* TASK OBJECTIVE
Line count for "pderiv": give the number of lines in the records below that hold it, and nothing else.

* DATA LISTING

(* Let $p \geqslant 7$ be a prime and let $V$ be a $1$-dimensional vector space over $\mathbb{F}_p$. Let $G = \mathrm{Sym}(V)$, let $H = \mathrm{AGL}(V)$, and let $T$ be the group of diagonal matrices in $\mathrm{GL}(V)$ (here $T = \mathrm{GL}(V)$). Then there exists $x \in G$ such that $H \cap H^x = T$.
   Context: $\mathrm{AGL}(V)$ is the group of invertible affine transformations $\mathbf{v} \mapsto \mathbf{v}g + \mathbf{u}$ ($g \in \mathrm{GL}(V)$, $\mathbf{u} \in V$) of $V$, regarded as a subgroup of $\mathrm{Sym}(V)$. *)

theory Defs
  imports "HOL-Computational_Algebra.Primes"
begin

text \<open>V is a 1-dimensional vector space over F_p; we identify V with the field F_p itself,
  modelled as a finite field type of prime cardinality p.
  Sym(V): all bijections V -> V.
  T: diagonal matrices in GL(V) = GL(V) = nonzero scalar multiplications.\<close>

definition Sym_V :: "('a \<Rightarrow> 'a) set" where
  "Sym_V = {f. bij f}"

definition AGL_V :: "('a::field \<Rightarrow> 'a) set" where
  "AGL_V = {f. \<exists>g u. g \<noteq> 0 \<and> f = (\<lambda>v. v * g + u)}"

definition GL_V :: "('a::field \<Rightarrow> 'a) set" where
  "GL_V = {f. \<exists>g. g \<noteq> 0 \<and> f = (\<lambda>v. v * g)}"

text \<open>Conjugate H^x = x^{-1} H x with right actions: v^(x^{-1} h x) = x (h (x^{-1} v)).\<close>
definition conj_set :: "('a \<Rightarrow> 'a) set \<Rightarrow> ('a \<Rightarrow> 'a) \<Rightarrow> ('a \<Rightarrow> 'a) set" where
  "conj_set H x = (\<lambda>h. x \<circ> h \<circ> inv x) ` H"

end

theory Submission
  imports Defs "HOL-Number_Theory.Residues"
begin

text \<open>Take for \<open>x\<close> the inversion \<open>v \<mapsto> v\<inverse>\<close> (with \<open>0 \<mapsto> 0\<close>). Scalings commute with it, so
  \<open>T\<close> lies in \<open>H \<inter> H\<^sup>x\<close>. Conversely, if \<open>v \<mapsto> 1 / (a / v + b)\<close> with \<open>b \<noteq> 0\<close> were affine,
  say \<open>v \<mapsto> v c + d\<close>, then evaluating at \<open>0\<close>, \<open>-a/b\<close> and \<open>a/b\<close> gives \<open>d = 1/b\<close>, \<open>a c = 1\<close>
  and \<open>a c + 1 = 1/2\<close>, hence \<open>2 = 1/2\<close>, i.e. \<open>3 = 0\<close>; this is impossible once the
  characteristic is neither 2 nor 3.\<close>

lemma inv_inverse_eq: "Hilbert_Choice.inv (inverse :: 'a::field \<Rightarrow> 'a) = inverse"
  by (rule inv_equality) auto

lemma bij_inverse: "bij (inverse :: 'a::field \<Rightarrow> 'a)"
  by (rule o_bij[of inverse]) auto

lemma of_nat_eq_0_iff_card_dvd:
  assumes "prime (card (UNIV :: 'a::{finite,field} set))"
  shows "(of_nat n :: 'a) = 0 \<longleftrightarrow> card (UNIV :: 'a set) dvd n"
proof -
  have "CHAR('a) dvd card (UNIV :: 'a set)"
    by (rule CHAR_dvd_CARD)
  then have "CHAR('a) = card (UNIV :: 'a set)"
    using assms CHAR_not_1' by (metis One_nat_def prime_nat_iff)
  then show ?thesis
    by (simp add: of_nat_eq_0_iff_char_dvd)
qed

lemma mult_right_in_GL_V: "g \<noteq> 0 \<Longrightarrow> (\<lambda>v. v * g) \<in> GL_V"
  unfolding GL_V_def by blast

lemma GL_V_subset_AGL_V: "GL_V \<subseteq> AGL_V"
proof
  fix f :: "'a \<Rightarrow> 'a"
  assume "f \<in> GL_V"
  then obtain g where "g \<noteq> 0" "f = (\<lambda>v. v * g + 0)"
    unfolding GL_V_def by auto
  then show "f \<in> AGL_V"
    unfolding AGL_V_def by blast
qed

lemma conj_set_inverse: "conj_set H (inverse :: 'a::field \<Rightarrow> 'a) = (\<lambda>h. inverse \<circ> h \<circ> inverse) ` H"
  by (simp add: conj_set_def inv_inverse_eq)

lemma GL_V_subset_conj_set_inverse: "GL_V \<subseteq> conj_set AGL_V inverse"
proof
  fix f :: "'a \<Rightarrow> 'a"
  assume "f \<in> GL_V"
  then obtain g where g: "g \<noteq> 0" "f = (\<lambda>v. v * g)"
    unfolding GL_V_def by auto
  then have "f = inverse \<circ> (\<lambda>v. v * inverse g) \<circ> inverse"
    by (auto simp: fun_eq_iff field_simps)
  moreover have "(\<lambda>v. v * inverse g) \<in> AGL_V"
    using g mult_right_in_GL_V[of "inverse g"] GL_V_subset_AGL_V by auto
  ultimately show "f \<in> conj_set AGL_V inverse"
    unfolding conj_set_inverse by blast
qed

lemma inverse_conj_affine_affine_imp_translation_zero:
  fixes a b c d :: "'a::field"
  assumes "(2::'a) \<noteq> 0" and "(3::'a) \<noteq> 0" and "a \<noteq> 0"
    and affine: "\<And>v. v * c + d = inverse (inverse v * a + b)"
  shows "b = 0"
proof (rule ccontr)
  assume "b \<noteq> 0"
  have d: "d = inverse b"
    using affine[of 0] by simp
  have "(- a / b) * c + d = 0"
    using affine[of "- a / b"] \<open>a \<noteq> 0\<close> \<open>b \<noteq> 0\<close> by (simp add: field_simps)
  then have ac: "a * c = 1"
    using d \<open>b \<noteq> 0\<close> by (simp add: field_simps)
  have "(a / b) * c + d = inverse (2 * b)"
    using affine[of "a / b"] \<open>a \<noteq> 0\<close> \<open>b \<noteq> 0\<close> by (simp add: field_simps)
  moreover have "(a / b) * c = inverse b"
    using ac by (simp add: field_simps)
  ultimately have half: "inverse b + inverse b = inverse (2 * b)"
    using d by metis
  have "4 = 2 * b * (inverse b + inverse b)"
    using \<open>b \<noteq> 0\<close> by (simp add: algebra_simps)
  also have "\<dots> = 1"
    using half \<open>b \<noteq> 0\<close> \<open>(2::'a) \<noteq> 0\<close> by simp
  finally have four: "(4::'a) = 1" .
  have "(3::'a) = 4 - 1"
    by simp
  also have "\<dots> = 0"
    using four by simp
  finally show False
    using \<open>(3::'a) \<noteq> 0\<close> by contradiction
qed

lemma AGL_V_conj_set_inverse_imp_GL_V:
  assumes "(2::'a::field) \<noteq> 0" and "(3::'a) \<noteq> 0"
    and "f \<in> AGL_V" and "f \<in> conj_set AGL_V (inverse :: 'a \<Rightarrow> 'a)"
  shows "f \<in> GL_V"
proof -
  obtain c d where f_affine: "f = (\<lambda>v. v * c + d)"
    using \<open>f \<in> AGL_V\<close> unfolding AGL_V_def by auto
  obtain a b where "a \<noteq> 0" and f_conj: "f = inverse \<circ> (\<lambda>v. v * a + b) \<circ> inverse"
    using \<open>f \<in> conj_set AGL_V inverse\<close> unfolding conj_set_inverse AGL_V_def by auto
  have "\<And>v. v * c + d = inverse (inverse v * a + b)"
    using f_affine f_conj by (metis comp_apply)
  with assms(1,2) \<open>a \<noteq> 0\<close> have "b = 0"
    by (rule inverse_conj_affine_affine_imp_translation_zero)
  then have "f = (\<lambda>v. v * inverse a)"
    using f_conj by (auto simp: fun_eq_iff field_simps)
  then show "f \<in> GL_V"
    using \<open>a \<noteq> 0\<close> mult_right_in_GL_V[of "inverse a"] by simp
qed

lemma AGL_V_Int_conj_set_inverse:
  assumes "(2::'a::field) \<noteq> 0" and "(3::'a) \<noteq> 0"
  shows "AGL_V \<inter> conj_set AGL_V inverse = (GL_V :: ('a \<Rightarrow> 'a) set)"
  using GL_V_subset_AGL_V GL_V_subset_conj_set_inverse AGL_V_conj_set_inverse_imp_GL_V[OF assms]
  by blast

theorem lemma3p2:
  fixes p :: nat
  assumes "prime p" and "p \<ge> 7" and "card (UNIV :: ('a::{finite,field}) set) = p"
  shows "\<exists>x \<in> (Sym_V :: ('a \<Rightarrow> 'a) set). AGL_V \<inter> conj_set AGL_V x = GL_V"
proof -
  have "(of_nat n :: 'a) \<noteq> 0" if "0 < n" "n < p" for n
    using of_nat_eq_0_iff_card_dvd[where 'a = 'a] assms that by (auto dest: dvd_imp_le)
  from this[of 2] this[of 3] have "(2::'a) \<noteq> 0" "(3::'a) \<noteq> 0"
    using assms(2) by simp_all
  then have "AGL_V \<inter> conj_set AGL_V inverse = (GL_V :: ('a \<Rightarrow> 'a) set)"
    by (rule AGL_V_Int_conj_set_inverse)
  moreover have "inverse \<in> (Sym_V :: ('a \<Rightarrow> 'a) set)"
    unfolding Sym_V_def using bij_inverse by simp
  ultimately show ?thesis
    by blast
qed

end
(* Let $\mathbf{Z}\in\mathbb{R}^{n\times m}$ with $\boldsymbol\Sigma=\mathbf{Z}^\top\mathbf{Z}$ invertible, and let $\tilde{\mathbf{Z}}$ be a GKnockoff matrix of $\mathbf{Z}$, i.e. $\tilde{\mathbf{Z}}=\mathbf{Z}(\mathbf{I}-\boldsymbol\Sigma^{-1}\operatorname{diag}\{\mathbf{s}\})+\tilde{\mathbf{U}}\mathbf{C}$ where $\mathbf{s}\in\mathbb{R}^m_+$, $\tilde{\mathbf{U}}$ lies in the null space of $\mathbf{Z}$ (i.e. $\mathbf{Z}^\top\tilde{\mathbf{U}}=\mathbf{0}$) and $\mathbf{C}$ is the Cholesky factor of $2\operatorname{diag}\{\mathbf{s}\}-\operatorname{diag}\{\mathbf{s}\}\boldsymbol\Sigma^{-1}\operatorname{diag}\{\mathbf{s}\}$. If $\mathbf{M}\in\mathbb{R}^{n\times n}$ is symmetric with $\mathbf{M}\mathbf{Z}=\mathbf{Z}$, then $\tilde{\mathbf{Z}}^M=\mathbf{M}\tilde{\mathbf{Z}}$ is also a GKnockoff matrix of $\mathbf{Z}$ (of the same form, with $\tilde{\mathbf{U}}$ replaced by $\mathbf{M}\tilde{\mathbf{U}}$, which lies in the null space of $\mathbf{Z}$). *)

theory Defs
  imports "HOL-Analysis.Analysis"
begin

definition diag_vec :: "real ^ 'm \<Rightarrow> real ^ 'm ^ 'm" where
  "diag_vec s = (\<chi> i j. if i = j then s $ i else 0)"

definition upper_triangular :: "('a::zero) ^ 'm ^ 'm \<Rightarrow> bool" where
  "upper_triangular C \<longleftrightarrow> (\<forall>i j. to_nat j < to_nat i \<longrightarrow> C $ i $ j = 0)"

definition cholesky_factor :: "real ^ 'm ^ 'm \<Rightarrow> real ^ 'm ^ 'm \<Rightarrow> bool" where
  "cholesky_factor C A \<longleftrightarrow> upper_triangular C \<and> (\<forall>i. C $ i $ i \<ge> 0) \<and> transpose C ** C = A"

definition gknockoff_form ::
  "real ^ 'm ^ 'n \<Rightarrow> real ^ 'm \<Rightarrow> real ^ 'm ^ 'n \<Rightarrow> real ^ 'm ^ 'm \<Rightarrow> real ^ 'm ^ 'n \<Rightarrow> bool" where
  "gknockoff_form Z s U C Zt \<longleftrightarrow>
     (let \<Sigma> = transpose Z ** Z; D = diag_vec s in
       (\<forall>i. s $ i \<ge> 0) \<and> transpose Z ** U = 0 \<and>
       cholesky_factor C (2 *\<^sub>R D - D ** matrix_inv \<Sigma> ** D) \<and>
       Zt = Z ** (mat 1 - matrix_inv \<Sigma> ** D) + U ** C)"

definition is_gknockoff :: "real ^ 'm ^ 'n \<Rightarrow> real ^ 'm ^ 'n \<Rightarrow> bool" where
  "is_gknockoff Z Zt \<longleftrightarrow> (\<exists>s U C. gknockoff_form Z s U C Zt)"

end

theory Submission
  imports Defs
begin

text \<open>Left multiplication by a symmetric M with M Z = Z fixes the Z-part of a knockoff and
  maps the null space of Z^T into itself, since Z^T M = (M Z)^T = Z^T; so only U changes.\<close>

lemma transpose_mul_symmetric_fixing:
  fixes M :: "'a::comm_semiring_1 ^ 'n ^ 'n" and Z :: "'a ^ 'm ^ 'n"
  assumes "transpose M = M" and "M ** Z = Z"
  shows "transpose Z ** M = transpose Z"
  by (metis assms matrix_transpose_mul)

lemma left_null_space_mult_closed:
  fixes Z U :: "'a::semiring_1 ^ 'm ^ 'n" and M :: "'a ^ 'n ^ 'n"
  assumes "transpose Z ** M = transpose Z" and "transpose Z ** U = 0"
  shows "transpose Z ** (M ** U) = 0"
  by (metis assms matrix_mul_assoc)

lemma gknockoff_form_mult_left:
  fixes Z Zt U :: "real ^ 'm ^ 'n" and M :: "real ^ 'n ^ 'n"
  assumes form: "gknockoff_form Z s U C Zt"
    and fix_Z: "M ** Z = Z"
    and null_MU: "transpose Z ** (M ** U) = 0"
  shows "gknockoff_form Z s (M ** U) C (M ** Zt)"
proof -
  let ?K = "mat 1 - matrix_inv (transpose Z ** Z) ** diag_vec s"
  have "Zt = Z ** ?K + U ** C"
    using form by (simp add: gknockoff_form_def Let_def)
  then have "M ** Zt = Z ** ?K + (M ** U) ** C"
    by (simp add: matrix_add_ldistrib matrix_mul_assoc fix_Z)
  with form null_MU show ?thesis
    by (simp add: gknockoff_form_def Let_def)
qed

theorem lemmaS1:
  fixes Z Zt U :: "real ^ 'm ^ 'n" and s :: "real ^ 'm" and C :: "real ^ 'm ^ 'm"
    and M :: "real ^ 'n ^ 'n"
  assumes "invertible (transpose Z ** Z)"
    and "gknockoff_form Z s U C Zt"
    and "transpose M = M"
    and "M ** Z = Z"
  shows "transpose Z ** (M ** U) = 0 \<and> gknockoff_form Z s (M ** U) C (M ** Zt)
         \<and> is_gknockoff Z (M ** Zt)"
proof -
  have "transpose Z ** U = 0"
    using assms(2) by (simp add: gknockoff_form_def Let_def)
  then have null_MU: "transpose Z ** (M ** U) = 0"
    using left_null_space_mult_closed transpose_mul_symmetric_fixing assms(3,4) by blast
  moreover have form: "gknockoff_form Z s (M ** U) C (M ** Zt)"
    using gknockoff_form_mult_left assms(2,4) null_MU .
  moreover have "is_gknockoff Z (M ** Zt)"
    using form is_gknockoff_def by blast
  ultimately show ?thesis by blast
qed

end
(*
  Both identities come from a single integration by parts. Since
  (p e^{-x^2})' = (p' - 2 x p) e^{-x^2}, integrating against the step function
  omega_0 + sum_k omega_k theta(x - t_k) gives, for every polynomial p,

    int p' w = 2 int x p w - sum_k omega_k e^{-t_k^2} p(t_k),

  the boundary terms coming from the jumps at the t_k. For p = P_n^2 the left side
  vanishes by orthogonality while int x P_n^2 w = alpha_n h_n; for p = P_n P_{n-1}
  the left side is n h_{n-1} while int x P_n P_{n-1} w = h_n = beta_n h_{n-1}.
  The sign conditions on the partial sums of omega make w nonnegative and
  positive on an interval, so the weighted inner product is positive definite
  and the P_n exist.
*)

theory Submission
  imports Defs "HOL-Probability.Distributions" "HOL-Real_Asymp.Real_Asymp"
begin

section \<open>Polynomials times the Gaussian\<close>

definition gauss_poly :: "real poly \<Rightarrow> real \<Rightarrow> real" where
  "gauss_poly p x = poly p x * exp (-(x^2))"

lemma gauss_poly_eq_sum: "gauss_poly p x = (\<Sum>i\<le>degree p. coeff p i * (x^i * exp (-(x^2))))"
  by (simp add: gauss_poly_def poly_altdef sum_distrib_right mult.assoc)

lemma integrable_gauss_poly: "integrable lborel (gauss_poly p)"
proof -
  have "integrable lborel (\<lambda>x::real. x^i * exp (-(x^2)))" for i
  proof -
    have "(\<lambda>x. x^i * exp (-(x^2))) = (\<lambda>x. sqrt pi * (normal_density 0 (sqrt (1/2)) x * (x - 0)^i))"
      by (simp add: normal_density_def fun_eq_iff)
    then show ?thesis
      by (simp only:) (intro integrable_mult_right integrable_normal_moment, simp)
  qed
  then show ?thesis
    unfolding gauss_poly_eq_sum[abs_def] by (auto intro!: integrable_sum integrable_mult_right)
qed

lemma set_integrable_Ioi_gauss_poly: "set_integrable lborel {c<..} (gauss_poly p)"
  unfolding set_integrable_def by (intro integrable_mult_indicator integrable_gauss_poly) simp

lemma isCont_gauss_poly: "isCont (gauss_poly p) x"
  unfolding gauss_poly_def by (intro continuous_intros)

lemma tendsto_gauss_poly_at_top: "(gauss_poly p \<longlongrightarrow> 0) at_top"
proof -
  have "((\<lambda>x::real. x^i * exp (-(x^2))) \<longlongrightarrow> 0) at_top" for i
    by real_asymp
  then show ?thesis
    unfolding gauss_poly_eq_sum[abs_def] by (auto intro!: tendsto_null_sum tendsto_mult_right_zero)
qed

lemma tendsto_gauss_poly_at_bot: "(gauss_poly p \<longlongrightarrow> 0) at_bot"
proof -
  have "((\<lambda>x::real. x^i * exp (-(x^2))) \<longlongrightarrow> 0) at_bot" for i
    by real_asymp
  then show ?thesis
    unfolding gauss_poly_eq_sum[abs_def] by (auto intro!: tendsto_null_sum tendsto_mult_right_zero)
qed

lemma has_real_derivative_gauss_poly:
  "(gauss_poly p has_real_derivative gauss_poly (pderiv p - smult 2 (pCons 0 p)) x) (at x)"
  unfolding gauss_poly_def by (auto intro!: derivative_eq_intros simp: algebra_simps poly_pCons)

lemma integral_gauss_poly_deriv:
  "(LINT x|lborel. gauss_poly (pderiv p - smult 2 (pCons 0 p)) x) = 0"
proof -
  have "(LBINT x=-\<infinity>..\<infinity>. gauss_poly (pderiv p - smult 2 (pCons 0 p)) x) = 0 - 0"
    using has_real_derivative_gauss_poly isCont_gauss_poly integrable_gauss_poly
      tendsto_gauss_poly_at_top tendsto_gauss_poly_at_bot
    by (intro interval_integral_FTC_integrable)
      (auto simp: has_real_derivative_iff_has_vector_derivative[symmetric] ereal_tendsto_simps1
        set_integrable_def)
  then show ?thesis
    by (simp add: interval_lebesgue_integral_def set_lebesgue_integral_def)
qed

lemma set_integral_Ioi_gauss_poly_deriv:
  "(LBINT x:{c<..}. gauss_poly (pderiv p - smult 2 (pCons 0 p)) x) = - gauss_poly p c"
proof -
  have "(LBINT x=ereal c..\<infinity>. gauss_poly (pderiv p - smult 2 (pCons 0 p)) x) = 0 - gauss_poly p c"
    using has_real_derivative_gauss_poly isCont_gauss_poly set_integrable_Ioi_gauss_poly
      tendsto_gauss_poly_at_top isCont_gauss_poly[where p=p and x=c, unfolded isCont_def filterlim_at_split]
    by (intro interval_integral_FTC_integrable)
      (auto simp: has_real_derivative_iff_has_vector_derivative[symmetric] ereal_tendsto_simps1)
  then show ?thesis
    by (simp add: interval_lebesgue_integral_def)
qed

section \<open>Monic orthogonal polynomials of a positive-definite weight\<close>

lemma poly_in_span_of_monic:
  fixes P :: "nat \<Rightarrow> 'a::comm_ring_1 poly"
  assumes "\<And>j. j < n \<Longrightarrow> degree (P j) = j \<and> lead_coeff (P j) = 1"
    and "\<And>i. n \<le> i \<Longrightarrow> coeff q i = 0"
  shows "\<exists>d. q = (\<Sum>j<n. smult (d j) (P j))"
  using assms
proof (induction n arbitrary: q)
  case 0
  then show ?case by (simp add: poly_eq_iff)
next
  case (Suc n)
  define q' where "q' = q - smult (coeff q n) (P n)"
  have "degree (P n) = n \<and> lead_coeff (P n) = 1"
    using Suc.prems(1)[OF lessI] .
  then have "coeff q' i = 0" if "n \<le> i" for i
    using that Suc.prems(2) by (cases "i = n") (auto simp: q'_def coeff_eq_0)
  then obtain d where "q' = (\<Sum>j<n. smult (d j) (P j))"
    using Suc.IH[of q'] Suc.prems(1) by (meson less_SucI)
  then have "q = (\<Sum>j<Suc n. smult ((d(n := coeff q n)) j) (P j))"
    by (simp add: q'_def diff_eq_eq)
  then show ?case by blast
qed

definition wint :: "(real \<Rightarrow> real) \<Rightarrow> real poly \<Rightarrow> real" where
  "wint w q = (LINT x|lborel. poly q x * w x)"

lemma wint_0 [simp]: "wint w 0 = 0"
  by (simp add: wint_def)

lemma wint_smult: "wint w (smult c p) = c * wint w p"
  by (simp add: wint_def mult.assoc)

lemma hn_eq_wint: "hn w n = wint w (OP w n * OP w n)"
  by (simp add: hn_def wint_def power2_eq_square)

definition monic_orth :: "(real \<Rightarrow> real) \<Rightarrow> nat \<Rightarrow> real poly \<Rightarrow> bool" where
  "monic_orth w n p \<longleftrightarrow>
     degree p = n \<and> lead_coeff p = 1 \<and> (\<forall>q. degree q < n \<longrightarrow> wint w (p * q) = 0)"

lemma OP_eq_The_monic_orth: "OP w n = (THE p. monic_orth w n p)"
  by (simp add: OP_def monic_orth_def wint_def mult.assoc)

lemma monic_orth_coeff:
  "monic_orth w n p \<Longrightarrow> n \<le> i \<Longrightarrow> coeff p i = (if i = n then 1 else 0)"
  by (auto simp: monic_orth_def coeff_eq_0)

lemma monic_orth_wint_eq_0:
  assumes "monic_orth w n p" and "\<And>i. n \<le> i \<Longrightarrow> coeff q i = 0"
  shows "wint w (p * q) = 0"
proof (cases "q = 0")
  case False
  then have "degree q < n"
    using assms(2) leading_coeff_neq_0 not_le by blast
  then show ?thesis using assms(1) by (simp add: monic_orth_def)
qed simp

lemma monic_orth_orthogonal:
  assumes "monic_orth w j p" and "monic_orth w k q" and "j \<noteq> k"
  shows "wint w (p * q) = 0"
proof (cases "k < j")
  case True
  then show ?thesis using assms(1,2) by (simp add: monic_orth_def)
next
  case False
  then have "wint w (q * p) = 0"
    using assms by (simp add: monic_orth_def)
  then show ?thesis by (simp add: mult.commute)
qed

locale moment_weight =
  fixes w :: "real \<Rightarrow> real"
  assumes integrable_poly_mult: "\<And>q. integrable lborel (\<lambda>x. poly q x * w x)"
begin

lemma wint_add: "wint w (p + q) = wint w p + wint w q"
  using integrable_poly_mult[of p] integrable_poly_mult[of q]
  by (simp add: wint_def distrib_right)

lemma wint_diff: "wint w (p - q) = wint w p - wint w q"
  using integrable_poly_mult[of p] integrable_poly_mult[of q]
  by (simp add: wint_def left_diff_distrib)

lemma wint_sum: "wint w (\<Sum>i\<in>A. f i) = (\<Sum>i\<in>A. wint w (f i))"
  by (induction A rule: infinite_finite_induct) (simp_all add: wint_add)

lemma wint_mult_eq_0_if_orth_to_monic:
  assumes "\<And>j. j < n \<Longrightarrow> degree (P j) = j \<and> lead_coeff (P j) = 1"
    and "\<And>j. j < n \<Longrightarrow> wint w (p * P j) = 0"
    and "\<And>i. n \<le> i \<Longrightarrow> coeff q i = 0"
  shows "wint w (p * q) = 0"
proof -
  obtain d where "q = (\<Sum>j<n. smult (d j) (P j))"
    using poly_in_span_of_monic[of n P q] assms(1,3) by blast
  then show ?thesis
    using assms(2) by (simp add: sum_distrib_left wint_sum wint_smult)
qed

* YOUR RESPONSE
5